MN4128 DATA ANALYTICS AND VISUALIZATION FOR TALENT MANAGEMENT


The Department of Defense routinely evaluates the feasibility and potential consequences of a wide range of talent-management policy proposals. This course prepares students to conduct credible, data-driven policy analysis in this context by developing both technical and communication skills. Students will learn to frame and analyze policy-relevant research questions; merge, manage, and interpret diverse datasets; compute descriptive statistics; estimate foundational econometric models; and design clear, decision-relevant data visualizations. The course also emphasizes effective communication of empirical findings through written products and oral briefings tailored to defense decision makers.


Prerequisite

Course is moved earlier in the MSA curriculum econometric sequence. Students should be familiar with basic statistics (MN3040) only.

Corequisite

Course is moved earlier in the MSA curriculum econometric sequence. Students should take together with MN4110 to concurrently learn econometric modeling of manpower data.

Lecture Hours

3

Lab Hours

0

Course Learning Outcomes

· Within a typical military staff setting, the student will create and execute a plan to analyze real world manpower policy problems in order to provide a decision maker evidence with which to make a decision.

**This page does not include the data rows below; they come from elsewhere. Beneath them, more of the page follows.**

section \<open>Invariance under local unitaries\<close>

lemma tens_mult:
  assumes A: "A \<in> carrier_mat q q" and B: "B \<in> carrier_mat q q" and C: "C \<in> carrier_mat q q" and D: "D \<in> carrier_mat q q"
  shows "tens q A B * tens q C D = tens q (A*C) (B*D)"
proof (rule eq_matI)
  fix r c assume "r < dim_row (tens q (A*C) (B*D))" "c < dim_col (tens q (A*C) (B*D))"
  then have r: "r < q*q" and c: "c < q*q" by auto
  have rq: "r div q < q" "r mod q < q" "c div q < q" "c mod q < q"
    using r c div_less_of_less_square mod_less_of_less_square by auto
  have "(tens q A B * tens q C D) $$ (r,c)
      = (\<Sum>a<q. \<Sum>b<q. (A$$(r div q, a) * C$$(a, c div q)) * (B$$(r mod q, b) * D$$(b, c mod q)))"
    using r c pair_index_less by (simp add: sum_pair_index index_tens mult_ac)
  also have "\<dots> = (\<Sum>a<q. A$$(r div q, a) * C$$(a, c div q)) * (\<Sum>b<q. B$$(r mod q, b) * D$$(b, c mod q))"
    by (simp add: sum_product)
  also have "\<dots> = tens q (A*C) (B*D) $$ (r,c)"
    using r c rq A B C D by (simp add: index_tens)
  finally show "(tens q A B * tens q C D) $$ (r,c) = tens q (A*C) (B*D) $$ (r,c)" .
qed auto

lemma adj_tens:
  assumes A: "A \<in> carrier_mat q q" and B: "B \<in> carrier_mat q q"
  shows "adj (tens q A B) = tens q (adj A) (adj B)"
proof (rule eq_matI)
  fix r c assume "r < dim_row (tens q (adj A) (adj B))" "c < dim_col (tens q (adj A) (adj B))"
  then have r: "r < q*q" and c: "c < q*q" by auto
  have "r div q < q" "r mod q < q" "c div q < q" "c mod q < q"
    using r c div_less_of_less_square mod_less_of_less_square by auto
  then show "adj (tens q A B) $$ (r,c) = tens q (adj A) (adj B) $$ (r,c)"
    using r c A B by (simp add: index_tens)
qed auto

lemma tens_one: "tens q (1\<^sub>m q) (1\<^sub>m q) = 1\<^sub>m (q*q)"
proof (rule eq_matI)
  fix r c assume "r < dim_row (1\<^sub>m (q*q))" "c < dim_col (1\<^sub>m (q*q))"
  then have r: "r < q*q" and c: "c < q*q" by auto
  have "r div q < q" "r mod q < q" "c div q < q" "c mod q < q"
    using r c div_less_of_less_square mod_less_of_less_square by auto
  moreover have "(r div q = c div q \<and> r mod q = c mod q) = (r = c)" by (metis div_mult_mod_eq)
  ultimately show "tens q (1\<^sub>m q) (1\<^sub>m q) $$ (r,c) = 1\<^sub>m (q*q) $$ (r,c)"
    using r c by (auto simp: index_tens)
qed auto

lemma unitary_mat_tens:
  assumes A: "unitary_mat q A" and B: "unitary_mat q B"
  shows "unitary_mat (q*q) (tens q A B)"
proof -
  have Ac: "A \<in> carrier_mat q q" and Bc: "B \<in> carrier_mat q q" using A B by (auto simp: unitary_mat_def)
  show ?thesis
    unfolding unitary_mat_def adj_tens[OF Ac Bc]
    using tens_mult[OF Ac Bc adj_carrier[OF Ac] adj_carrier[OF Bc]]
      tens_mult[OF adj_carrier[OF Ac] adj_carrier[OF Bc] Ac Bc] A B tens_one
    by (simp add: unitary_mat_def)
qed

lemma realign_tens_mult_tens:
  assumes A: "A \<in> carrier_mat q q" and B: "B \<in> carrier_mat q q" and C: "C \<in> carrier_mat q q"
    and D: "D \<in> carrier_mat q q" and X: "X \<in> carrier_mat (q*q) (q*q)"
  shows "realign q (tens q A B * X * tens q C D)
    = tens q (transpose_mat D) B * realign q X * tens q C (transpose_mat A)"
proof (rule eq_matI)
  fix r c assume "r < dim_row (tens q (transpose_mat D) B * realign q X * tens q C (transpose_mat A))"
    "c < dim_col (tens q (transpose_mat D) B * realign q X * tens q C (transpose_mat A))"
  then have r: "r < q*q" and c: "c < q*q" by auto
  define be al j i where "be = r div q" and "al = r mod q" and "j = c div q" and "i = c mod q"
  have idx: "be < q" "al < q" "j < q" "i < q"
    using r c div_less_of_less_square mod_less_of_less_square by (auto simp: be_def al_def j_def i_def)
  have rc: "r = be*q+al" "c = j*q+i" by (simp_all add: be_def al_def j_def i_def)
  let ?F = "\<lambda>c1 a1 d1 b1. A$$(i,a1) * B$$(al,b1) * X$$(a1*q+b1, c1*q+d1) * C$$(c1,j) * D$$(d1,be)"
  have "realign q (tens q A B * X * tens q C D) $$ (r,c) = (tens q A B * X * tens q C D) $$ (i*q+al, j*q+be)"
    using r c by (simp add: realign_def i_def al_def j_def be_def)
  also have "\<dots> = (\<Sum>c1<q. \<Sum>d1<q. (\<Sum>a1<q. \<Sum>b1<q. A$$(i,a1) * B$$(al,b1) * X$$(a1*q+b1, c1*q+d1)) * (C$$(c1,j) * D$$(d1,be)))"
    using idx X pair_index_less by (simp add: sum_pair_index index_tens_pair)
  also have "\<dots> = (\<Sum>c1<q. \<Sum>d1<q. \<Sum>a1<q. \<Sum>b1<q. ?F c1 a1 d1 b1)"
    by (simp add: sum_distrib_left sum_distrib_right mult_ac)
  also have "\<dots> = (\<Sum>c1<q. \<Sum>a1<q. \<Sum>d1<q. \<Sum>b1<q. ?F c1 a1 d1 b1)"
    by (rule sum.cong[OF refl], rule sum.swap)
  also have "\<dots> = (\<Sum>c1<q. \<Sum>a1<q. (\<Sum>d1<q. \<Sum>b1<q. D$$(d1,be) * B$$(al,b1) * X$$(a1*q+b1, c1*q+d1)) * (C$$(c1,j) * A$$(i,a1)))"
    by (simp add: sum_distrib_left sum_distrib_right mult_ac)
  also have "\<dots> = (tens q (transpose_mat D) B * realign q X * tens q C (transpose_mat A)) $$ (be*q+al, j*q+i)"
    using idx X A D pair_index_less by (simp add: sum_pair_index index_tens_pair realign_def)
  finally show "realign q (tens q A B * X * tens q C D) $$ (r,c)
      = (tens q (transpose_mat D) B * realign q X * tens q C (transpose_mat A)) $$ (r,c)"
    using rc by simp
qed auto

lemma tens_mult_swap_op: "tens q A B * swap_op q = swap_op q * tens q B A"
proof (rule eq_matI)
  fix r c assume "r < dim_row (swap_op q * tens q B A)" "c < dim_col (swap_op q * tens q B A)"
  then have r: "r < q*q" and c: "c < q*q" by auto
  have rq: "r div q < q" "r mod q < q" "c div q < q" "c mod q < q"
    using r c div_less_of_less_square mod_less_of_less_square by auto
  have "(tens q A B * swap_op q) $$ (r,c) = tens q A B $$ (r, swap_index q c)"
    by (rule index_mult_swap_op) (use r c in auto)
  also have "\<dots> = A $$ (r div q, c mod q) * B $$ (r mod q, c div q)"
    using r swap_index_less[OF c] rq by (simp add: index_tens swap_index_def)
  also have "\<dots> = tens q B A $$ (swap_index q r, c)"
    using c swap_index_less[OF r] rq by (simp add: index_tens swap_index_def)
  also have "\<dots> = (swap_op q * tens q B A) $$ (r,c)"
    by (rule index_swap_op_mult[symmetric]) (use r c in auto)
  finally show "(tens q A B * swap_op q) $$ (r,c) = (swap_op q * tens q B A) $$ (r,c)" .
qed auto

lemma dual_unitary_local:
  assumes du: "dual_unitary q U"
    and u1: "unitary_mat q u1" and u2: "unitary_mat q u2" and v1: "unitary_mat q v1" and v2: "unitary_mat q v2"
  shows "dual_unitary q (tens q u1 u2 * U * tens q v1 v2)"
proof -
  have U: "unitary_mat (q*q) U" and RU: "unitary_mat (q*q) (realign q U)"
    using du by (auto simp: dual_unitary_def)
  have c: "u1 \<in> carrier_mat q q" "u2 \<in> carrier_mat q q" "v1 \<in> carrier_mat q q" "v2 \<in> carrier_mat q q"
    using u1 u2 v1 v2 by (auto simp: unitary_mat_def)
  have Uc: "U \<in> carrier_mat (q*q) (q*q)" using U by (simp add: unitary_mat_def)
  have "unitary_mat (q*q) (tens q u1 u2 * U * tens q v1 v2)"
    by (intro unitary_mat_mult unitary_mat_tens U u1 u2 v1 v2)
  moreover have "unitary_mat (q*q) (realign q (tens q u1 u2 * U * tens q v1 v2))"
    unfolding realign_tens_mult_tens[OF c Uc]
    by (intro unitary_mat_mult unitary_mat_tens unitary_mat_transpose RU u1 u2 v1 v2)
  ultimately show ?thesis by (simp add: dual_unitary_def)
qed

lemma realign_gram_norm_local:
  assumes A: "unitary_mat q A" and B: "unitary_mat q B" and C: "unitary_mat q C" and D: "unitary_mat q D"
    and X: "X \<in> carrier_mat (q*q) (q*q)"
  shows "realign_gram_norm q (tens q A B * X * tens q C D) = realign_gram_norm q X"
proof -
  have c: "A \<in> carrier_mat q q" "B \<in> carrier_mat q q" "C \<in> carrier_mat q q" "D \<in> carrier_mat q q"
    using A B C D by (auto simp: unitary_mat_def)
  show ?thesis
    unfolding realign_gram_norm_def realign_tens_mult_tens[OF c X]
    by (rule frobenius_sq_gram_unitary_mult[OF unitary_mat_tens[OF unitary_mat_transpose[OF D] B]
          unitary_mat_tens[OF C unitary_mat_transpose[OF A]] realign_carrier])
qed

lemma ep_local:
  assumes U: "U \<in> carrier_mat (q*q) (q*q)"
    and u1: "unitary_mat q u1" and u2: "unitary_mat q u2" and v1: "unitary_mat q v1" and v2: "unitary_mat q v2"
  shows "ep q (tens q u1 u2 * U * tens q v1 v2) = ep q U"
proof -
  have S: "swap_op q \<in> carrier_mat (q*q) (q*q)" by simp
  have P: "tens q u1 u2 * U \<in> carrier_mat (q*q) (q*q)" by (rule mult_carrier_mat[OF tens_carrier U])
  have "tens q u1 u2 * U * tens q v1 v2 * swap_op q = tens q u1 u2 * U * (swap_op q * tens q v2 v1)"
    using assoc_mult_mat[OF P tens_carrier S] by (simp add: tens_mult_swap_op)
  also have "\<dots> = tens q u1 u2 * (U * swap_op q) * tens q v2 v1"
    using assoc_mult_mat[OF P S tens_carrier, symmetric] assoc_mult_mat[OF tens_carrier U S] by simp
  finally have "realign_gram_norm q (tens q u1 u2 * U * tens q v1 v2 * swap_op q) = realign_gram_norm q (U * swap_op q)"
    using realign_gram_norm_local[OF u1 u2 v2 v1 mult_carrier_mat[OF U S]] by simp
  moreover have "realign_gram_norm q (tens q u1 u2 * U * tens q v1 v2) = realign_gram_norm q U"
    by (rule realign_gram_norm_local[OF u1 u2 v1 v2 U])
  ultimately show ?thesis by (simp add: ep_def Ent_eq_realign_gram_norm)
qed

lemma sum_sq_nontrivial_eigenvalues_le:
  assumes q2: "q \<ge> 2" and du: "dual_unitary q U" and M: "M \<in> {Mplus q U, Mminus q U}"
    and cp: "char_poly (restr_traceless q M) = (\<Prod>a\<leftarrow>lams. [:-a, 1:])"
  shows "(\<Sum>a\<leftarrow>lams. (cmod a)^2) \<le> real (q*q-1) * (1 - ep q U)"
proof -
  have U: "unitary_mat (q*q) U" and RU: "unitary_mat (q*q) (realign q U)"
    using du by (auto simp: dual_unitary_def)
  have Uc: "U \<in> carrier_mat (q*q) (q*q)" using U by (simp add: unitary_mat_def)
  have q0: "0 < q" using q2 by simp
  obtain K where K: "M = kernel_map q K"
    and unital: "unital_kernel q K" and tp: "trace_preserving_kernel q K"
    and gram: "realign_gram_norm q (U * swap_op q) = (real q)^2 * frobenius_sq (kernel_mat q K)"
  proof (cases "M = Mplus q U")
    case True
    show ?thesis
    proof (rule that)
      show "M = kernel_map q (Mplus_kernel q U)" unfolding True by (intro ext Mplus_eq_kernel_map[OF Uc])
    qed (use unital_Mplus_kernel[OF U q0] trace_preserving_Mplus_kernel[OF U q0]
        realign_gram_norm_mult_swap_Mplus[OF Uc] in auto)
  next
    case False
    then have Mm: "M = Mminus q U" using M by auto
    show ?thesis
    proof (rule that)
      show "M = kernel_map q (Mminus_kernel q U)" unfolding Mm by (intro ext Mminus_eq_kernel_map[OF Uc])
    qed (use unital_Mminus_kernel[OF U q0] trace_preserving_Mminus_kernel[OF U q0]
        realign_gram_norm_mult_swap_Mminus[OF Uc] in auto)
  qed
  have "char_poly (kernel_mat q K) = (\<Prod>a\<leftarrow>(1 # lams). [:-a, 1:])"
    using char_poly_kernel_mat[OF q0 unital tp] cp K by simp
  then have "(\<Sum>a\<leftarrow>(1 # lams). (cmod a)^2) \<le> frobenius_sq (kernel_mat q K)"
    by (rule sum_sq_eigenvalues_le_frobenius_sq[OF kernel_mat_carrier])
  moreover have "real (q*q-1) * (1 - ep q U) = frobenius_sq (kernel_mat q K) - 1"
    using ep_eq_realign_gram_norm[OF q2 RU] gram q0 by simp
  ultimately show ?thesis by simp
qed

lemma length_nontrivial_eigenvalues:
  assumes "char_poly (restr_traceless q M) = (\<Prod>a\<leftarrow>lams. [:-a, 1:])"
  shows "length lams = q*q-1"
proof -
  have "degree (char_poly (restr_traceless q M)) = q*q-1"
    using degree_monic_char_poly[OF restr_traceless_carrier] by blast
  then show ?thesis using degree_linear_factors[of uminus lams] assms by simp
qed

· Given a properly coded and cleaned dataset, the student will employ R to estimate basic statistical models for the purpose of manpower policy evaluation.

· Given datasets in a variety of formats, the student will demonstrate the ability to merge, manipulate, and properly code data using R in order to perform appropriate statistical analyses.

· Given a properly coded and cleaned dataset, the student will employ R to generate effective data visualization techniques for the purpose of performing statistical analyses and/or real-time policy evaluation.

· Given a typical real-world policy problem and set of information, the student will generate a quick turn-around manpower policy analysis in R and present managerially relevant results.